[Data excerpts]
(* For all sufficiently large $n$ one has $k_n>0$; setting $u_n=k_n^{1/2}\langle k_n\theta\rangle$ and $v_n=k_n^{1/2}\langle k_n\theta^2\rangle$ for such $n$, $$\lim_{n\to\infty}\Big((\theta u_n-2v_n)^2+(3\theta^2-4p)u_n^2\Big)=\frac{4d^3}{3\theta^2-p};$$ that is, the points $(u_n,v_n)$ approach the ellipse $(\theta x-2y)^2+(3\theta^2-4p)x^2=\frac{4d^3}{3\theta^2-p}$.
   Context: Standing setup: $p,q\in\mathbb{Z}$ are such that $x^3-px-q$ is irreducible over $\mathbb{Q}$ with exactly one real root $\theta$ (one has $3\theta^2-4p>0$ and $3\theta^2-p>0$). $K=\mathbb{Q}(\theta)\subset\mathbb{R}$, $\mathcal{O}_K$ its ring of integers. $d$ is a positive integer with $\mathcal{O}_K\subseteq\frac1d\mathbb{Z}[\theta]$. $\lambda\in\mathcal{O}_K$ is a unit with $\lambda>1$. For $n\ge1$ the rationals $a_n,b_n,c_n$ are defined by $a_n+b_n\theta+c_n\theta^2=\lambda^n$, and $k_n=dc_n$. For $x\in\mathbb{R}$, $\langle x\rangle=x-\lfloor x+\tfrac12\rfloor$. *)

theory Defs
  imports "HOL-Analysis.Analysis" "HOL-Computational_Algebra.Polynomial"
begin

definition alg_int :: "real \<Rightarrow> bool" where
  "alg_int x \<longleftrightarrow> (\<exists>P :: int poly. lead_coeff P = 1 \<and> poly (map_poly of_int P) x = 0)"

definition numfield :: "real \<Rightarrow> real set" where
  "numfield \<theta> = {x. \<exists>r0 r1 r2 :: rat. x = of_rat r0 + of_rat r1 * \<theta> + of_rat r2 * \<theta>^2}"

definition ring_of_integers :: "real \<Rightarrow> real set" where
  "ring_of_integers \<theta> = {x \<in> numfield \<theta>. alg_int x}"

definition nidist :: "real \<Rightarrow> real" where
  "nidist x = x - of_int \<lfloor>x + 1/2\<rfloor>"

end

theory Submission
  imports Defs Jordan_Normal_Form.Char_Poly
begin

text \<open>
  Write \<open>\<lambda>\<^sup>n = a\<^sub>n + b\<^sub>n\<theta> + c\<^sub>n\<theta>\<^sup>2\<close>. The norm of an element \<open>x\<close> of \<open>\<O>\<^sub>K\<close> is an integer,
  because \<open>d\<^sup>3 N(x)\<^sup>n = d\<^sup>3 N(x\<^sup>n)\<close> is an integer for every \<open>n\<close>; so the positive unit \<open>\<lambda>\<^sup>n\<close>
  has norm 1. Now \<open>N(x) = x |x'|\<^sup>2\<close> for a complex conjugate \<open>x'\<close>, and \<open>4|x'|\<^sup>2\<close> is a sum of
  two squares in the coordinates, whence
  \<open>(\<theta>U\<^sub>n - 2V\<^sub>n)\<^sup>2 + (3\<theta>\<^sup>2 - 4p)U\<^sub>n\<^sup>2 = 4/\<lambda>\<^sup>n\<close> with \<open>U\<^sub>n = c\<^sub>n\<theta> - b\<^sub>n\<close> and
  \<open>V\<^sub>n = c\<^sub>n\<theta>\<^sup>2 - a\<^sub>n - pc\<^sub>n\<close>; here \<open>3\<theta>\<^sup>2 - 4p > 0\<close> because the conjugates are not real.
  Hence \<open>U\<^sub>n, V\<^sub>n \<rightarrow> 0\<close>. As \<open>db\<^sub>n\<close> and \<open>d(a\<^sub>n + pc\<^sub>n)\<close> are integers, \<open>dU\<^sub>n\<close> and \<open>dV\<^sub>n\<close>
  are eventually the signed distances of \<open>k\<^sub>n\<theta>\<close> and \<open>k\<^sub>n\<theta>\<^sup>2\<close> to the integers, and the
  identity \<open>(3\<theta>\<^sup>2 - p)c\<^sub>n = \<lambda>\<^sup>n + \<theta>U\<^sub>n + V\<^sub>n\<close> gives \<open>c\<^sub>n/\<lambda>\<^sup>n \<rightarrow> 1/(3\<theta>\<^sup>2 - p)\<close>.
  Multiplying the first identity by \<open>k\<^sub>n d\<^sup>2\<close> yields the limit.
\<close>

section \<open>Algebraic integers\<close>

lemma alg_int_if_eigenvalue:
  fixes A :: "int mat"
  assumes A: "A \<in> carrier_mat m m" and ev: "eigenvalue (map_mat of_int A) x"
  shows "alg_int x"
proof -
  have "poly (char_poly (map_mat of_int A)) x = 0"
    using ev eigenvalue_root_char_poly[of "map_mat of_int A :: real mat" m] A by simp
  moreover have "char_poly (map_mat of_int A :: real mat) = map_poly of_int (char_poly A)"
    by (rule of_int_hom.char_poly_hom[OF A])
  moreover have "lead_coeff (char_poly A) = 1"
    using degree_monic_char_poly[OF A] by simp
  ultimately show ?thesis unfolding alg_int_def by auto
qed

definition companion_mat :: "int poly \<Rightarrow> int mat" where
  "companion_mat P = mat (degree P) (degree P)
    (\<lambda>(j, k). if Suc j < degree P then (if k = Suc j then 1 else 0) else - coeff P k)"

lemma companion_mat_eigen:
  fixes x :: real
  assumes P_monic: "lead_coeff P = 1" and P_root: "poly (map_poly of_int P) x = 0"
  defines "v \<equiv> vec (degree P) (\<lambda>j. x ^ j)"
  shows "map_mat of_int (companion_mat P) *\<^sub>v v = x \<cdot>\<^sub>v v"
proof (rule eq_vecI)
  define m where "m = degree P"
  have P_root': "(\<Sum>k<m. real_of_int (coeff P k) * x ^ k) = - (x ^ m)"
  proof -
    have "poly (map_poly of_int P) x = (\<Sum>k\<le>m. real_of_int (coeff P k) * x ^ k)"
      unfolding poly_altdef m_def by (simp add: degree_map_poly)
    also have "\<dots> = (\<Sum>k<m. real_of_int (coeff P k) * x ^ k) + x ^ m"
      using P_monic m_def by (simp add: lessThan_Suc_atMost[symmetric])
    finally show ?thesis using P_root by simp
  qed
  fix j assume "j < dim_vec (x \<cdot>\<^sub>v v)"
  then have j: "j < m" unfolding v_def m_def by simp
  have "(map_mat of_int (companion_mat P) *\<^sub>v v) $ j
      = (\<Sum>k<m. real_of_int (companion_mat P $$ (j, k)) * x ^ k)"
    using j by (auto simp: v_def m_def companion_mat_def scalar_prod_def lessThan_atLeast0 intro!: sum.cong)
  also have "\<dots> = x ^ Suc j"
  proof (cases "Suc j < m")
    case True
    then have "(\<Sum>k<m. real_of_int (companion_mat P $$ (j, k)) * x ^ k)
        = (\<Sum>k<m. if k = Suc j then x ^ k else 0)"
      using j by (intro sum.cong) (auto simp: companion_mat_def m_def)
    then show ?thesis using True by simp
  next
    case False
    then have "(\<Sum>k<m. real_of_int (companion_mat P $$ (j, k)) * x ^ k)
        = - (\<Sum>k<m. real_of_int (coeff P k) * x ^ k)"
      using j by (simp add: sum_negf[symmetric] companion_mat_def m_def)
    moreover have "m = Suc j" using False j by simp
    ultimately show ?thesis using P_root' by simp
  qed
  finally show "(map_mat of_int (companion_mat P) *\<^sub>v v) $ j = (x \<cdot>\<^sub>v v) $ j"
    using j by (simp add: v_def m_def)
qed (simp add: companion_mat_def v_def)

lemma alg_int_eigenvector_of_int_mat:
  assumes "alg_int x"
  obtains m and A :: "int mat" and v where "A \<in> carrier_mat m m"
    and "eigenvector (map_mat of_int A) v x"
proof -
  obtain P :: "int poly" where P_monic: "lead_coeff P = 1" and P_root: "poly (map_poly of_int P) x = 0"
    using assms unfolding alg_int_def by blast
  define v where "v = vec (degree P) (\<lambda>j. x ^ j)"
  have "degree P > 0"
  proof (rule ccontr)
    assume "\<not> degree P > 0"
    then have "P = 1" using degree_0_id[of P] P_monic by (simp add: one_pCons)
    then show False using P_root by simp
  qed
  have "v \<noteq> 0\<^sub>v (degree P)"
  proof
    assume "v = 0\<^sub>v (degree P)"
    then have "v $ 0 = 0" using \<open>degree P > 0\<close> by simp
    then show False using \<open>degree P > 0\<close> by (simp add: v_def)
  qed
  then have "eigenvector (map_mat of_int (companion_mat P)) v x"
    using companion_mat_eigen[OF P_monic P_root]
    unfolding eigenvector_def by (simp add: v_def companion_mat_def)
  moreover have "companion_mat P \<in> carrier_mat (degree P) (degree P)"
    by (simp add: companion_mat_def)
  ultimately show thesis using that by blast
qed

lemma alg_int_power:
  assumes "alg_int x"
  shows "alg_int (x ^ n)"
proof -
  obtain m and A :: "int mat" and v where A: "A \<in> carrier_mat m m"
    and ev: "eigenvector (map_mat of_int A) v x"
    using alg_int_eigenvector_of_int_mat[OF assms] .
  have A_real: "map_mat real_of_int A \<in> carrier_mat m m" using A by simp
  have "map_mat of_int (A ^\<^sub>m n) *\<^sub>v v = map_mat of_int A ^\<^sub>m n *\<^sub>v v"
    by (simp add: of_int_hom.mat_hom_pow[OF A])
  also have "\<dots> = x ^ n \<cdot>\<^sub>v v"
    by (rule eigenvector_pow[OF A_real ev])
  finally have "map_mat of_int (A ^\<^sub>m n) *\<^sub>v v = x ^ n \<cdot>\<^sub>v v" .
  then have "eigenvector (map_mat of_int (A ^\<^sub>m n)) v (x ^ n)"
    using ev A unfolding eigenvector_def by simp
  then show ?thesis
    by (intro alg_int_if_eigenvalue[of "A ^\<^sub>m n" m]) (use A in \<open>auto simp: eigenvalue_def\<close>)
qed

section \<open>Arithmetic in coordinates\<close>

text \<open>A triple \<open>(a, b, c)\<close> stands for \<open>a + b\<theta> + c\<theta>\<^sup>2\<close> where \<open>\<theta>\<^sup>3 = P\<theta> + Q\<close>.\<close>

fun cubic_val :: "real \<Rightarrow> rat \<times> rat \<times> rat \<Rightarrow> real" where
  "cubic_val t (a, b, c) = of_rat a + of_rat b * t + of_rat c * t^2"

fun cubic_mult :: "rat \<Rightarrow> rat \<Rightarrow> rat \<times> rat \<times> rat \<Rightarrow> rat \<times> rat \<times> rat \<Rightarrow> rat \<times> rat \<times> rat" where
  "cubic_mult P Q (a, b, c) (a', b', c') =
    (a*a' + Q*(b*c' + c*b'), a*b' + b*a' + P*(b*c' + c*b') + Q*c*c', a*c' + b*b' + c*a' + P*c*c')"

WHAT YOU ARE ASKED TO DO: Scan the data above for the word "blast". Copy every line in which it is found.

ANSWER SECTION:
    using assms unfolding alg_int_def by blast
  ultimately show thesis using that by blast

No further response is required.